W dobrych nastrojach wyjechali za Wrocław. Było upalne majowe południe, Kornel włączył radio, czego nigdy nie robił i po raz pierwszy od bardzo dawna zaczął się rozkoszować chwilą. Długo się nie nacieszyli, od Kryniczna jechali sześćdziesiątką w sznurze samochodów, który przed Ligotą Piękną zaczął coraz bardziej gęstnieć a zarazem zwalniać. Zaraz za wsią stanęli w długiej kolumnie.
– No to umarł w butach. Nie wiem czy przed druga będziemy na miejscu – oświadczył Kornel. W samochodzie mimo otwartych okien panował zaduch i Kornel poczuł, że się poci.
– Czy ty naprawdę musisz być w garniturze? – zapytał Magnus. – Ja przepraszam, że się wtrącam, ale jedziemy na ryby a nie na przyjęcie do królowej.

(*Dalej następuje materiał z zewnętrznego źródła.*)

lemma not_dvd_coeff_mult_least:
  fixes F Q :: "int poly"
  assumes "prime P"
    and "\<not> P dvd coeff F i" "\<And>i'. i' < i \<Longrightarrow> P dvd coeff F i'"
    and "\<not> P dvd coeff Q j" "\<And>j'. j' < j \<Longrightarrow> P dvd coeff Q j'"
  shows "\<not> P dvd coeff (F * Q) (i + j)"
proof
  assume dvd_coeff: "P dvd coeff (F * Q) (i + j)"
  have "coeff (F * Q) (i + j) =
      coeff F i * coeff Q j + (\<Sum>k\<in>{..i + j} - {i}. coeff F k * coeff Q (i + j - k))"
    unfolding coeff_mult by (subst sum.remove[of _ i]) auto
  moreover have "P dvd (\<Sum>k\<in>{..i + j} - {i}. coeff F k * coeff Q (i + j - k))"
  proof (rule dvd_sum)
    fix k assume k: "k \<in> {..i + j} - {i}"
    show "P dvd coeff F k * coeff Q (i + j - k)"
    proof (cases "k < i")
      case True
      then show ?thesis
        using assms(3) by simp
    next
      case False
      with k have "i + j - k < j"
        by auto
      then show ?thesis
        using assms(5) by simp
    qed
  qed
  ultimately have "P dvd coeff F i * coeff Q j"
    using dvd_coeff by (simp add: dvd_add_left_iff)
  then show False
    using assms(1,2,4) prime_dvd_mult_iff by blast
qed
lemma power_prime_power_power: "((x::'a::comm_semiring_1) ^ p^a) ^ p^b = x ^ p^(a + b)"
  by (simp add: power_mult[symmetric] power_add)

lemma frob_vec_0 [simp]: "frob_vec p 0 x = x"
  by (simp add: vec_eq_iff)

lemma frob_vec_frob_vec: "frob_vec p b (frob_vec p a x) = frob_vec p (a + b) x"
  by (simp add: vec_eq_iff power_prime_power_power)

lemma frob_vec_smult: "frob_vec p n (c *s x) = c ^ p^n *s frob_vec p n x"
  by (simp add: vec_eq_iff power_mult_distrib)

context
  fixes p :: nat
  assumes prime_p: "prime p" and char_p: "CHAR('a::field) = p"
begin

lemma frobenius_add: "((x::'a) + y) ^ p^n = x ^ p^n + y ^ p^n"
  using freshmans_dream'[of "p^n" n x y] prime_p char_p by simp

lemma frobenius_sum: "(\<Sum>i\<in>I. f i :: 'a) ^ p^n = (\<Sum>i\<in>I. f i ^ p^n)"
  using freshmans_dream_sum'[of "p^n" n f I] prime_p char_p by simp

lemma frobenius_diff: "((x::'a) - y) ^ p^n = x ^ p^n - y ^ p^n"
  using frobenius_add[of "x - y" y n] by (simp add: algebra_simps)

lemma frobenius_inj: "(x::'a) ^ p^n = y ^ p^n \<Longrightarrow> x = y"
  using frobenius_diff[of x y n] by simp

lemma frob_vec_inj: "frob_vec p n (x::'a^'n) = frob_vec p n y \<Longrightarrow> x = y"
  by (simp add: vec_eq_iff) (meson frobenius_inj)

lemma frob_vec_eq_0_iff [simp]: "frob_vec p n (x::'a^'n) = 0 \<longleftrightarrow> x = 0"
  using prime_p by (simp add: vec_eq_iff prime_gt_0_nat)

lemma dot3_frob_vec: "dot3 (frob_vec p n x) (frob_vec p n (y::'a^3)) = dot3 x y ^ p^n"
  by (simp add: dot3_def frobenius_add power_mult_distrib)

Kornel nie poczuł się w obowiązku wytłumaczenia, że do żadnego urzędu, nawet jeśli to jest stowarzyszenie wędkarzy, nie wszedłby ubrany w koszulkę z krótkim rękawem. A jeśli jest tam ktoś, kogo zna? Należał do świata, gdzie pewne formy musiały ustąpić pierwszeństwa nawet zdrowemu rozsądkowi. Uśmiechnął się gorzko do siebie, zdaje się, że z krainy zdrowego rozsądku wyprowadził się już dość dawno temu i teraz ten tłustawy wyrostek na siedzeniu obok usiłuje go tam ściągnąć z powrotem. Poruszając się zresztą jak słoń w składzie porcelany. Na razie posłusznie zdjął marynarkę i był w samej białej koszuli, świeżo uprasowanej, choć po porannych przejściach i podróży straciła już częściowo swą świeżość.
– Naprawdę nie masz żadnego T–shirta? – zapytał Magnus. – przecież nie będziesz tak siedział nad jeziorem.
Kornel nie zdołał go poinformować, że ma zamiar siedzieć w samochodzie i poprawiać kolokwia, z którymi musi się uwinąć do czwartku.
– Nie, nie mam. Przecież to nie ja będę łowił, prawda?
Magnus z niedowierzaniem pokręcił głową.
– Zaraz będziemy mijali Trzebnicę – powiedział wpatrując się w mapę – wygląda na dość spore miasto i pewnie znajdziesz tam jakiś sklep z tanimi koszulkami. Jak ci szkoda pieniędzy, to kupię ci w prezencie...
– A właśnie że kupisz – Kornela zaskoczyły te słowa a spontaniczna propozycja wręcz wbiła go w siedzenie. Jeśli ten chłopak nie widzi w tym nic niestosownego... Kornel przez całe swe życie stał na stanowisku, że prezenty wymuszają rewanż i rzadko są bezinteresowne, toteż mimo że nie był kutwą, starał się je wręczać najrzadziej jak się dało, tylko po to, by nie przypomniano mu tego w nieodpowiednim momencie. Jednak spontaniczność tego blondasa przebijała wszystko.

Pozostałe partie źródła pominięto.